==== Study material ====

lemma seminegative_form_isotropic_imp_zero:
  fixes Q :: "'a::real_normed_vector \<Rightarrow>\<^sub>L 'a \<Rightarrow>\<^sub>L real"
  assumes sym: "\<And>v w. Q v w = Q w v" and nonpos: "\<And>v. Q v v \<le> 0" and "Q u u = 0"
  shows "Q u = 0"
proof (rule blinfun_eqI)
  fix w
  define b where "b = Q u w"
  define q where "q = - Q w w"
  have q: "q \<ge> 0" using nonpos by (simp add: q_def)
  define t where "t = b / (q + 1)"
  have "Q (u + t *\<^sub>R w) (u + t *\<^sub>R w) = 2 * (t * b) - t * t * q"
    using \<open>Q u u = 0\<close> sym[of w u]
    by (simp add: b_def q_def blinfun.add_left blinfun.add_right blinfun.scaleR_left
        blinfun.scaleR_right algebra_simps)
  show "Q u w = (0 :: 'a \<Rightarrow>\<^sub>L real) w"
  proof (rule ccontr)
    assume "Q u w \<noteq> (0 :: 'a \<Rightarrow>\<^sub>L real) w"
    then have "0 < b * b" by (simp add: b_def not_square_less_zero less_le)
    then have "0 < t * b" using q by (simp add: t_def)
    moreover have "t * t * q \<le> t * b"
    proof -
      have "t * t * q = (t * b) * (q / (q + 1))" by (simp add: t_def)
      also have "\<dots> \<le> t * b" using q \<open>0 < t * b\<close> by (intro mult_left_le) auto
      finally show ?thesis .
    qed
    ultimately show False
      using \<open>Q (u + t *\<^sub>R w) (u + t *\<^sub>R w) = 2 * (t * b) - t * t * q\<close>
        nonpos[of "u + t *\<^sub>R w"] by linarith
  qed
qed

lemma seminegative_form_negative_definite:
  fixes Q :: "'a::euclidean_space \<Rightarrow>\<^sub>L 'a \<Rightarrow>\<^sub>L real"
  assumes sym: "\<And>v w. Q v w = Q w v" and nonpos: "\<And>v. Q v v \<le> 0"
    and inj: "\<And>h. Q h = 0 \<Longrightarrow> h = 0"
  shows "\<exists>\<mu>>0. \<forall>v. Q v v \<le> - \<mu> * (norm v)\<^sup>2"
proof -
  have "continuous_on (sphere 0 1) (\<lambda>v. Q v v)"
    by (intro continuous_intros)
  from continuous_attains_sup[OF compact_sphere _ this]
  obtain u :: 'a where u: "norm u = 1" "\<And>v. norm v = 1 \<Longrightarrow> Q v v \<le> Q u u"
    by auto
  have "Q u u \<noteq> 0"
    using seminegative_form_isotropic_imp_zero[OF sym nonpos] inj u(1) by fastforce
  then have "- Q u u > 0" using nonpos[of u] by linarith
  moreover have "Q v v \<le> - (- Q u u) * (norm v)\<^sup>2" for v
  proof (cases "v = 0")
    case False
    have "Q ((1 / norm v) *\<^sub>R v) ((1 / norm v) *\<^sub>R v) \<le> Q u u"
      using False by (intro u(2)) simp
    then show ?thesis
      using False by (simp add: quadratic_form_scaleR field_simps)
  qed simp
  ultimately show ?thesis by blast
qed

lemma finite_pos_lower_bound:
  fixes h :: "'a \<Rightarrow> real"
  assumes "finite S" and "\<And>x. x \<in> S \<Longrightarrow> 0 < h x"
  shows "\<exists>d>0. \<forall>x\<in>S. d \<le> h x"
  using assms by (intro exI[of _ "Min (insert 1 (h ` S))"]) auto

lemma compact_continuous_pos_lower_bound:
  fixes h :: "'a::topological_space \<Rightarrow> real"
  assumes "compact S" and "continuous_on S h" and "\<And>x. x \<in> S \<Longrightarrow> 0 < h x"
  shows "\<exists>d>0. \<forall>x\<in>S. d \<le> h x"
proof (cases "S = {}")
  case False
  from continuous_attains_inf[OF assms(1) False assms(2)] assms(3) show ?thesis by blast
qed (auto intro: exI[of _ 1])

definition uphill_ball :: "('a::metric_space \<Rightarrow> real) \<Rightarrow> 'a \<Rightarrow> real \<Rightarrow> real \<Rightarrow> bool" where
  "uphill_ball f x \<rho> R \<longleftrightarrow>
     (\<exists>c. (\<forall>z\<in>cball c \<rho>. dist z x \<le> R) \<and> x \<notin> cball c \<rho> \<and> (\<forall>z\<in>cball c \<rho>. f z > f x))"

lemma uphill_ballI:
  assumes "\<rho> < dist x c" and "dist x c + \<rho> \<le> R" and "\<And>z. dist c z \<le> \<rho> \<Longrightarrow> f x < f z"
  shows "uphill_ball f x \<rho> R"
  unfolding uphill_ball_def
proof (intro exI[of _ c] conjI ballI)
  fix z assume "z \<in> cball c \<rho>"
  then show "dist z x \<le> R"
    using assms(2) dist_triangle[of z x c] by (simp add: dist_commute)
qed (use assms in auto)

lemma uphill_ball_mono: "uphill_ball f x \<rho> R \<Longrightarrow> R \<le> R' \<Longrightarrow> uphill_ball f x \<rho> R'"
  unfolding uphill_ball_def by (meson order_trans)

lemma powr_rescale_le:
  fixes q B C r t k :: real
  assumes "0 < q" "q \<le> B" "0 < C" "0 \<le> r" "0 \<le> t" "0 \<le> k"
  shows "(r * t) powr k \<le> (r * B / C) powr k * (C * t / q) powr k"
proof -
  have "r * t \<le> r * B / C * (C * t / q)"
    using assms mult_left_mono[of q B "r * t"] by (simp add: field_simps)
  then have "(r * t) powr k \<le> (r * B / C * (C * t / q)) powr k"
    using assms by (intro powr_mono2) auto
  also have "\<dots> = (r * B / C) powr k * (C * t / q) powr k"
    by (rule powr_mult; use assms in simp)
  finally show ?thesis .
qed

lemma filterlim_ln_over_n_powr_at_right_0:
  fixes r k :: real
  assumes "0 < r" "0 < k"
  shows "filterlim (\<lambda>n. (r * ln (real n) / real n) powr k) (at_right 0) sequentially"
  using assms by real_asymp

lemma uphill_balls_at_sample_scale:
  fixes f :: "'a::metric_space \<Rightarrow> real" and r C B k c1 c2 :: real
  assumes balls: "\<forall>\<^sub>F \<epsilon> in at_right 0. \<forall>x\<in>X.
      x \<notin> (\<Union>m\<in>S. ball m (c1 * \<epsilon>)) \<longrightarrow> uphill_ball f x (2 * \<epsilon>) (c2 * \<epsilon>)"
    and "0 < c2" "0 < r" "0 < C" and upper: "\<And>x. f x \<le> B" and pos: "\<And>x. x \<in> X \<Longrightarrow> 0 < f x"
    and "0 < k"
  shows "\<exists>N. \<forall>n\<ge>N. \<forall>x\<in>X. x \<notin> (\<Union>m\<in>S. ball m (c1 * (r * ln (real n) / real n) powr k)) \<longrightarrow>
    uphill_ball f x (2 * (r * ln (real n) / real n) powr k)
      (c2 * (r * B / C) powr k * (C * ln (real n) / (real n * f x)) powr k)"
proof -
  define eps where "eps n = (r * ln (real n) / real n) powr k" for n :: nat
  have "\<forall>\<^sub>F n in sequentially. 1 \<le> n \<and> (\<forall>x\<in>X.
      x \<notin> (\<Union>m\<in>S. ball m (c1 * eps n)) \<longrightarrow> uphill_ball f x (2 * eps n) (c2 * eps n))"
    using eventually_ge_at_top eventually_compose_filterlim[OF balls
        filterlim_ln_over_n_powr_at_right_0[OF \<open>0 < r\<close> \<open>0 < k\<close>]]
    by (intro eventually_conj) (auto simp: eps_def)
  then obtain N where N: "\<And>n. N \<le> n \<Longrightarrow> 1 \<le> n \<and> (\<forall>x\<in>X.
      x \<notin> (\<Union>m\<in>S. ball m (c1 * eps n)) \<longrightarrow> uphill_ball f x (2 * eps n) (c2 * eps n))"
    by (auto simp: eventually_at_top_linorder)
  have "uphill_ball f x (2 * eps n)
      (c2 * (r * B / C) powr k * (C * ln (real n) / (real n * f x)) powr k)"
    if "N \<le> n" "x \<in> X" "x \<notin> (\<Union>m\<in>S. ball m (c1 * eps n))" for n x
  proof -
    have "(r * (ln (real n) / real n)) powr k
        \<le> (r * B / C) powr k * (C * (ln (real n) / real n) / f x) powr k"
      using N[OF \<open>N \<le> n\<close>] \<open>0 < r\<close> \<open>0 < k\<close>
      by (intro powr_rescale_le[OF pos[OF \<open>x \<in> X\<close>] upper \<open>0 < C\<close>]) auto
    then have "eps n \<le> (r * B / C) powr k * (C * ln (real n) / (real n * f x)) powr k"
      by (simp add: eps_def)
    moreover have "uphill_ball f x (2 * eps n) (c2 * eps n)"
      using N[OF \<open>N \<le> n\<close>] that by blast
    ultimately show ?thesis
      using \<open>0 < c2\<close> by (elim uphill_ball_mono) (simp add: mult.assoc)
  qed
  then show ?thesis unfolding eps_def by blast
qed

locale twice_cont_differentiable =
  fixes f :: "'a::euclidean_space \<Rightarrow> real"
    and f' :: "'a \<Rightarrow> ('a \<Rightarrow>\<^sub>L real)"
    and f'' :: "'a \<Rightarrow> ('a \<Rightarrow>\<^sub>L ('a \<Rightarrow>\<^sub>L real))"
  assumes has_derivative_f: "\<And>x. (f has_derivative blinfun_apply (f' x)) (at x)"
    and has_derivative_f': "\<And>x. (f' has_derivative blinfun_apply (f'' x)) (at x)"
    and continuous_f'': "continuous_on UNIV f''"
begin

lemma has_real_derivative_along_line:
  "((\<lambda>s. f (x + s *\<^sub>R h)) has_real_derivative f' (x + t *\<^sub>R h) h) (at t)"
  using has_vector_derivative_along_line[OF has_derivative_f]
  by (simp add: has_real_derivative_iff_has_vector_derivative)

lemma has_real_derivative_along_line':
  "((\<lambda>s. f' (x + s *\<^sub>R h) w) has_real_derivative f'' (x + t *\<^sub>R h) h w) (at t)"
  using blinfun.bounded_linear_left[THEN bounded_linear.has_vector_derivative,
      OF has_vector_derivative_along_line[OF has_derivative_f']]
  by (simp add: has_real_derivative_iff_has_vector_derivative)

lemma f'_lipschitz:
  assumes bound: "\<And>x. norm (f'' x) \<le> M"
  shows "norm (f' y - f' x) \<le> M * norm (y - x)"
  using differentiable_bound[of UNIV f' "\<lambda>x. blinfun_apply (f'' x)" M y x] has_derivative_f' bound
  by (simp add: norm_blinfun.rep_eq[symmetric])

lemma taylor_lower_bound:
  assumes bound: "\<And>x. norm (f'' x) \<le> M"
  shows "f x + f' x h - M * (norm h)\<^sup>2 \<le> f (x + h)"
proof -
  from MVT2[OF zero_less_one has_real_derivative_along_line]
  obtain z where z: "0 < z" "z < 1" "f (x + h) - f x = f' (x + z *\<^sub>R h) h"
    by (metis add.right_neutral diff_zero mult_1 scale_one scale_zero_left)
  have "\<bar>f' (x + z *\<^sub>R h) h - f' x h\<bar> \<le> norm (f' (x + z *\<^sub>R h) - f' x) * norm h"
    by (metis blinfun.diff_left norm_blinfun real_norm_def)
  also have "\<dots> \<le> (M * norm (z *\<^sub>R h)) * norm h"
    using f'_lipschitz[OF bound, of "x + z *\<^sub>R h" x] by (intro mult_right_mono) auto
  also have "\<dots> \<le> (M * norm h) * norm h"
    using z order_trans[OF norm_ge_zero bound]
    by (intro mult_right_mono mult_left_mono) (auto simp: mult_left_le_one_le)
  finally show ?thesis using z(3) by (simp add: power2_eq_square)
qed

====

Lines from the one with "using z order_trans[OF" through the last line above must be printed exactly; no other line is to appear.

    using z order_trans[OF norm_ge_zero bound]
    by (intro mult_right_mono mult_left_mono) (auto simp: mult_left_le_one_le)
  finally show ?thesis using z(3) by (simp add: power2_eq_square)
qed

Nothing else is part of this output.